If this disruption actually starts to matter to U.S. stock bulls and we start to see some weakness, it could feed on itself. Given the size of the stock market and the amount of speculative activity, there would be a negative feedback loop (in George Soros’ words, “reflexivity”) that would impact the economy. So, it’s quite possible that even if this virus doesn’t turn out to be particularly deadly, its disruptive effect on the economy and psychology could turn out to be meaningful. That said, it will be a bit of a battle, as bulls have learned that there is no chance of taking any real pain in the stock market. All you have to do is buy weakness (or strength, for that matter) and you’ll make money no problem.

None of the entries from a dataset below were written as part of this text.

(* Let $\alpha\ge2$. Then there do not exist $\sigma<1/2$ and $C>0$ such that $\|u\|_{L^{\alpha+2}(\Theta)}\le C\|u\|_{H^\sigma_{rad}(\Theta)}$ for all $u\in H^\sigma_{rad}(\Theta)$.
   Context: $\Theta$ is the open unit disc of $\mathbb R^2$; radial functions depend only on $r=|x|$. Let $0<z_1<z_2<\cdots$ be the positive zeros of the Bessel function $J_0$ and $e_n(r)=J_0(z_nr)/\|J_0(z_n|\cdot|)\|_{L^2(\Theta)}$ (orthonormal basis of radial $L^2(\Theta)$ of Dirichlet eigenfunctions of $-\Delta$, eigenvalues $z_n^2$). For $\sigma\ge0$, $H^\sigma_{rad}(\Theta)$ is the space of radial $u=\sum_na_ne_n$ with $\|u\|_{H^\sigma_{rad}(\Theta)}^2=\sum_n z_n^{2\sigma}|a_n|^2<\infty$. *)

theory Defs
  imports "HOL-Analysis.Analysis"
begin

definition Theta :: "(real^2) set" where
  "Theta = ball 0 1"

definition J0 :: "real \<Rightarrow> real" where
  "J0 x = (\<Sum>k. (-1)^k / (fact k)^2 * (x/2)^(2*k))"

text \<open>Positive zeros of J0 in increasing order, indexed from 0:
  besselz n is the positive zero having exactly n positive zeros below it
  (z_{n+1} in the paper's 1-based indexing).\<close>
definition besselz :: "nat \<Rightarrow> real" where
  "besselz n = (THE x. 0 < x \<and> J0 x = 0 \<and>
      finite {y. 0 < y \<and> y < x \<and> J0 y = 0} \<and>
      card {y. 0 < y \<and> y < x \<and> J0 y = 0} = n)"
lemma rsubst_Fract: "q \<noteq> 0 \<Longrightarrow> rsubst \<sigma> (Fract p q) = Fract (psubst \<sigma> p) (psubst \<sigma> q)"
  unfolding rsubst_def
proof (rule someI2[where a = "Fract (psubst \<sigma> p) (psubst \<sigma> q)"])
  assume "q \<noteq> 0"
  then show "\<exists>p' q'. q' \<noteq> 0 \<and> Fract p q = Fract p' q'
      \<and> Fract (psubst \<sigma> p) (psubst \<sigma> q) = Fract (psubst \<sigma> p') (psubst \<sigma> q')"
    by blast
next
  fix y assume q: "q \<noteq> 0"
    and "\<exists>p' q'. q' \<noteq> 0 \<and> Fract p q = Fract p' q' \<and> y = Fract (psubst \<sigma> p') (psubst \<sigma> q')"
  then obtain p' q' where q': "q' \<noteq> 0" and eq: "Fract p q = Fract p' q'"
    and y: "y = Fract (psubst \<sigma> p') (psubst \<sigma> q')"
    by blast
  from eq q q' have "p * q' = p' * q" by (simp add: eq_fract)
  then have "psubst \<sigma> p * psubst \<sigma> q' = psubst \<sigma> p' * psubst \<sigma> q"
    by (metis psubst_mult)
  then show "y = Fract (psubst \<sigma> p) (psubst \<sigma> q)"
    unfolding y using psubst_nonzero[OF q] psubst_nonzero[OF q'] by (simp add: eq_fract)
qed

lemma rsubst_Fract_1: "rsubst \<sigma> (Fract p 1) = Fract (psubst \<sigma> p) 1"
  using rsubst_Fract[of 1 p] by (simp add: psubst_one)

lemma rsubst_zero: "rsubst \<sigma> 0 = 0"
  using rsubst_Fract_1[of 0] by (simp add: psubst_zero Zero_fract_def)

lemma rsubst_one: "rsubst \<sigma> 1 = 1"
  using rsubst_Fract_1[of 1] by (simp add: psubst_one One_fract_def)

lemma rsubst_mult: "rsubst \<sigma> (x * y) = rsubst \<sigma> x * rsubst \<sigma> y"
proof -
  obtain a b where x: "x = Fract a b" "b \<noteq> 0" by (cases x)
  obtain c d where y: "y = Fract c d" "d \<noteq> 0" by (cases y)
  show ?thesis
    using x y by (simp add: rsubst_Fract psubst_mult)
qed

lemma rsubst_inverse: "rsubst \<sigma> (inverse x) = inverse (rsubst \<sigma> x)"
proof -
  obtain a b where x: "x = Fract a b" "b \<noteq> 0" by (cases x)
  show ?thesis
  proof (cases "a = 0")
    case True
    with x have "x = 0" by (simp add: fract_collapse)
    then show ?thesis by (simp add: rsubst_zero)
  next
    case False
    with x show ?thesis by (simp add: rsubst_Fract)
  qed
qed

lemma rsubst_power: "rsubst \<sigma> (x ^ n) = rsubst \<sigma> x ^ n"
  by (induction n) (simp_all add: rsubst_one rsubst_mult)

lemma rsubst_power_int: "rsubst \<sigma> (x powi k) = rsubst \<sigma> x powi k"
  by (simp add: power_int_def rsubst_power rsubst_inverse)

lemma rsubst_prod: "rsubst \<sigma> (\<Prod>i\<in>I. f i) = (\<Prod>i\<in>I. rsubst \<sigma> (f i))"
  by (induction I rule: infinite_finite_induct) (simp_all add: rsubst_one rsubst_mult)

end

definition ff_eval :: "(nat set \<Rightarrow> 'a::field) \<Rightarrow> formal_fraction \<Rightarrow> 'a" where
  "ff_eval L F = (\<Prod>S\<in>Poly_Mapping.keys F. L S powi Poly_Mapping.lookup F S)"

lemma ff_eval_superset:
  "finite K \<Longrightarrow> Poly_Mapping.keys F \<subseteq> K \<Longrightarrow> ff_eval L F = (\<Prod>S\<in>K. L S powi Poly_Mapping.lookup F S)"
  unfolding ff_eval_def by (rule prod.mono_neutral_left) (auto simp: in_keys_iff)

lemma ff_eval_zero [simp]: "ff_eval L 0 = 1"
  by (simp add: ff_eval_def)

lemma ff_eval_frag_of [simp]: "ff_eval L (frag_of S) = L S"
  by (simp add: ff_eval_def)

lemma ff_eval_minus: "ff_eval L (- F) = inverse (ff_eval L F)"
  unfolding ff_eval_def by (simp add: power_int_minus prod_inversef[symmetric] o_def)

lemma ff_eval_add:
  assumes "\<And>S. S \<in> Poly_Mapping.keys F \<union> Poly_Mapping.keys G \<Longrightarrow> L S \<noteq> 0"
  shows "ff_eval L (F + G) = ff_eval L F * ff_eval L G"
proof -
  let ?K = "Poly_Mapping.keys F \<union> Poly_Mapping.keys G"
  have "ff_eval L (F + G) = (\<Prod>S\<in>?K. L S powi Poly_Mapping.lookup (F + G) S)"
    by (rule ff_eval_superset) (auto simp: keys_add)
  also have "\<dots> = (\<Prod>S\<in>?K. L S powi Poly_Mapping.lookup F S * L S powi Poly_Mapping.lookup G S)"
    by (rule prod.cong) (use assms in \<open>auto simp: lookup_add power_int_add\<close>)
  also have "\<dots> = ff_eval L F * ff_eval L G"
    by (simp add: prod.distrib ff_eval_superset[of ?K])
  finally show ?thesis .
qed

lemma ff_eval_diff:
  "(\<And>S. S \<in> Poly_Mapping.keys F \<union> Poly_Mapping.keys G \<Longrightarrow> L S \<noteq> 0)
    \<Longrightarrow> ff_eval L (F - G) = ff_eval L F / ff_eval L G"
  using ff_eval_add[of F "- G" L] by (simp add: ff_eval_minus divide_inverse)
lemma relative_kinetic_ge_linear:
  fixes e p q w v wb E :: real
  assumes "0 \<le> p" "p \<le> q" "\<bar>w\<bar> \<le> wb" "e\<^sup>2 * wb\<^sup>2 \<le> E"
  shows "- E * (q - p) / 4 \<le> e\<^sup>2 * (p / 2 * (w - v)\<^sup>2 + (p - q) * v * (w - v))"
proof -
  have "4 * (v * (w - v)) \<le> w\<^sup>2"
    using zero_le_power2[of "w - 2 * v"] by (simp add: power2_eq_square algebra_simps)
  also have "\<dots> \<le> wb\<^sup>2"
    using power_mono[OF assms(3) abs_ge_zero, of 2] by simp
  finally have "(q - p) * (e\<^sup>2 * (4 * (v * (w - v)))) \<le> (q - p) * (e\<^sup>2 * wb\<^sup>2)"
    using assms by (intro mult_left_mono) auto
  also have "\<dots> \<le> (q - p) * E"
    using assms by (intro mult_left_mono) auto
  finally have "- E * (q - p) / 4 \<le> e\<^sup>2 * ((p - q) * v * (w - v))"
    by (simp add: field_simps)
  moreover have "0 \<le> e\<^sup>2 * (p / 2 * (w - v)\<^sup>2)"
    using assms by simp
  ultimately show ?thesis by (simp add: algebra_simps)
qed

lemma relative_energy_density_ge:
  fixes P :: "real \<Rightarrow> real"
  assumes P1: "\<And>t. rlo \<le> t \<Longrightarrow> t \<le> rhi \<Longrightarrow> P differentiable (at t)"
    and P2: "\<And>t. rlo \<le> t \<Longrightarrow> t \<le> rhi \<Longrightarrow> deriv P differentiable (at t)"
    and curvature: "\<And>t. rlo \<le> t \<Longrightarrow> t \<le> rhi \<Longrightarrow> 4 * (epsb\<^sup>2 * wb\<^sup>2) \<le> t * deriv (deriv P) t"
    and "0 < rlo" "rlo \<le> p" "p \<le> rhi" "rlo \<le> q" "q \<le> rhi"
    and "\<bar>w\<bar> \<le> wb" "\<bar>v\<bar> \<le> wb" "\<bar>e\<bar> \<le> epsb"
  shows "epsb\<^sup>2 * wb\<^sup>2 * (p - q)\<^sup>2 / rhi \<le> relative_energy_density P e p w q v"
proof -
  define E K B where "E = epsb\<^sup>2 * wb\<^sup>2"
    and "K = e\<^sup>2 * (p / 2 * (w - v)\<^sup>2 + (p - q) * v * (w - v))"
    and "B = P p - P q - deriv P q * (p - q)"
  have pq: "0 < p" "0 < q" "0 \<le> E" using assms by (auto simp: E_def)
  have B: "2 * E * (p - q)\<^sup>2 \<le> max p q * B"
    unfolding B_def using taylor_remainder_lower_bound[OF P1 P2 curvature] assms pq
    by (simp add: E_def)
  have "e\<^sup>2 \<le> epsb\<^sup>2" using power_mono[OF \<open>\<bar>e\<bar> \<le> epsb\<close> abs_ge_zero, of 2] by simp
  moreover have "v\<^sup>2 \<le> wb\<^sup>2" using power_mono[OF \<open>\<bar>v\<bar> \<le> wb\<close> abs_ge_zero, of 2] by simp
  ultimately have ev: "e\<^sup>2 * v\<^sup>2 \<le> E" "e\<^sup>2 * wb\<^sup>2 \<le> E"
    unfolding E_def by (auto intro: mult_mono)
  have K_quadratic: "- E * (p - q)\<^sup>2 / (2 * p) \<le> K"
    unfolding K_def using relative_kinetic_ge_quadratic[OF pq(1) ev(1)] .
  have "E * (p - q)\<^sup>2 / rhi \<le> K + B"
  proof (cases "q \<le> p")
    case True
    then have "2 * (E * (p - q)\<^sup>2 / p) \<le> B" using B pq by (simp add: max_def field_simps)
    moreover have "E * (p - q)\<^sup>2 / rhi \<le> E * (p - q)\<^sup>2 / p"
      using assms pq by (intro divide_left_mono) auto
    moreover have "- E * (p - q)\<^sup>2 / (2 * p) = - (E * (p - q)\<^sup>2 / p) / 2" by simp
    moreover have "0 \<le> E * (p - q)\<^sup>2 / p" using pq by simp
    ultimately show ?thesis using K_quadratic by linarith
  next
    case False
    then have "2 * (E * (p - q)\<^sup>2 / q) \<le> B" using B pq by (simp add: max_def field_simps)
    moreover have "E * (p - q)\<^sup>2 / rhi \<le> E * (p - q)\<^sup>2 / q"
      using assms pq by (intro divide_left_mono) auto
    moreover have "- E * (p - q)\<^sup>2 / q \<le> K"
    txt \<open>The completed square alone fails once \<open>q > 2 p\<close>; there the gap \<open>q - p\<close> is large
      and the crude bound \<open>|w| \<le> wb\<close> on the kinetic part suffices.\<close>
    proof (cases "q \<le> 2 * p")
      case True
      then have "E * (p - q)\<^sup>2 / (2 * p) \<le> E * (p - q)\<^sup>2 / q"
        using pq by (intro divide_left_mono) auto
      then show ?thesis using K_quadratic by simp
    next
      case small_p: False
      have "E * (q - p) * q \<le> E * (q - p) * (4 * (q - p))"
        using small_p \<open>\<not> q \<le> p\<close> pq by (intro mult_left_mono) auto
      then have "E * (q - p) / 4 \<le> E * (p - q)\<^sup>2 / q"
        using pq by (simp add: field_simps power2_eq_square)
      then show ?thesis unfolding K_def
        using relative_kinetic_ge_linear[of p q w wb e E v] \<open>\<not> q \<le> p\<close> pq assms ev by simp
    qed
    ultimately show ?thesis by simp
  qed
  then show ?thesis by (simp add: relative_energy_density_def E_def K_def B_def)
qed

lemma friction_le_relative_energy_density:
  fixes P :: "real \<Rightarrow> real"
  assumes P1: "\<And>t. rlo \<le> t \<Longrightarrow> t \<le> rhi \<Longrightarrow> P differentiable (at t)"
    and P2: "\<And>t. rlo \<le> t \<Longrightarrow> t \<le> rhi \<Longrightarrow> deriv P differentiable (at t)"
    and curvature: "\<And>t. rlo \<le> t \<Longrightarrow> t \<le> rhi \<Longrightarrow> 4 * (epsb\<^sup>2 * wb\<^sup>2) \<le> t * deriv (deriv P) t"
    and "0 < rlo" "rlo \<le> p" "p \<le> rhi" "rlo \<le> q" "q \<le> rhi"
    and "\<bar>w\<bar> \<le> wb" "\<bar>v\<bar> \<le> wb" "\<bar>e\<bar> \<le> epsb" "0 < epsb"
    and "0 \<le> gm" "gm \<le> ghi" "0 \<le> av"
  shows "- (gm * (\<bar>w\<bar> * w - \<bar>v\<bar> * v) * av * (p * w - q * v))
    \<le> 3 * ghi * wb * rhi / (rlo * epsb\<^sup>2) * (av * relative_energy_density P e p w q v)
      - 2 * (1/16) * (gm * av * q * (\<bar>w\<bar> + \<bar>v\<bar>) * (w - v)\<^sup>2)"
proof -
  define C where "C = 3 * ghi * wb * rhi / (rlo * epsb\<^sup>2)"
  have "0 < rhi" "0 \<le> wb" "0 \<le> C" using assms by (auto simp: C_def)
  have "- (gm * (\<bar>w\<bar> * w - \<bar>v\<bar> * v) * av * (p * w - q * v))
        + 2 * (1/16) * (gm * av * q * (\<bar>w\<bar> + \<bar>v\<bar>) * (w - v)\<^sup>2)
      = gm * av * (q * (\<bar>w\<bar> + \<bar>v\<bar>) * (w - v)\<^sup>2 / 8 - (\<bar>w\<bar> * w - \<bar>v\<bar> * v) * (p * w - q * v))"
    by (simp add: field_simps)
  also have "\<dots> \<le> gm * av * (25/12 * wb^3 * (p - q)\<^sup>2 / rlo)"
    using friction_density_le[of rlo p w wb v q] assms by (intro mult_left_mono) auto
  also have "\<dots> \<le> ghi * av * (3 * wb^3 * (p - q)\<^sup>2 / rlo)"
    using assms \<open>0 \<le> wb\<close> by (intro mult_mono divide_right_mono) auto
  also have "\<dots> = C * av * (epsb\<^sup>2 * wb\<^sup>2 * (p - q)\<^sup>2 / rhi)"
    using assms \<open>0 < rhi\<close> by (simp add: C_def field_simps power2_eq_square power3_eq_cube)
  also have "\<dots> \<le> C * av * relative_energy_density P e p w q v"
    using relative_energy_density_ge[OF P1 P2 curvature] assms \<open>0 \<le> C\<close>
    by (intro mult_left_mono) auto
  finally show ?thesis by (simp add: C_def)
qed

As a side note, I should mention that some folks fear that there could be something more nefarious with this virus, as Wuhan is the center of a biological lab that may have some particularly nasty bugs, which could have been engineered. We can all hope that is not the case, but it is a possibility. I have no idea how likely that is, but I would think that if it is a particularly lethal virus more people would have died already.
But my main point is that there is a distinct possibility of disruption to the bull market caused by this recent outbreak and we’ll just have to see how it develops in the next couple of weeks.
Turning to the action, yesterday was already forgotten, as the bulls were back buying stocks hand-over-fist, with the Dow and S&P gaining about 1% (the Dow lagged because economic bellwether 3M lost at the game of beat-the-number, although that wasn’t extrapolated to anything else).
Keeping the Doctor Away
The proximate cause appeared to be a belief that Apple would save the day with its earnings report tonight. Why that would be the case given its exposure to end markets and production in China, I don’t know, but facts don’t really seem to matter these days, as I’ve noted many times lately.
In the afternoon, though the rate of ascent slowed down, it was still potent, and with an hour to go, when I had to leave, the Nasdaq was the upside leader, as it gained about 1.6%.
Away from stocks, green paper was stronger and fixed income was weaker, as were the metals, led by silver, which was slaughtered for 3.5%, although I have no idea why (other than maybe today’s option expiration in metals). Gold lost 1% and the miners were naturally weaker. Having not done well during the recent rally, today they unfortunately decided to participate on the decline.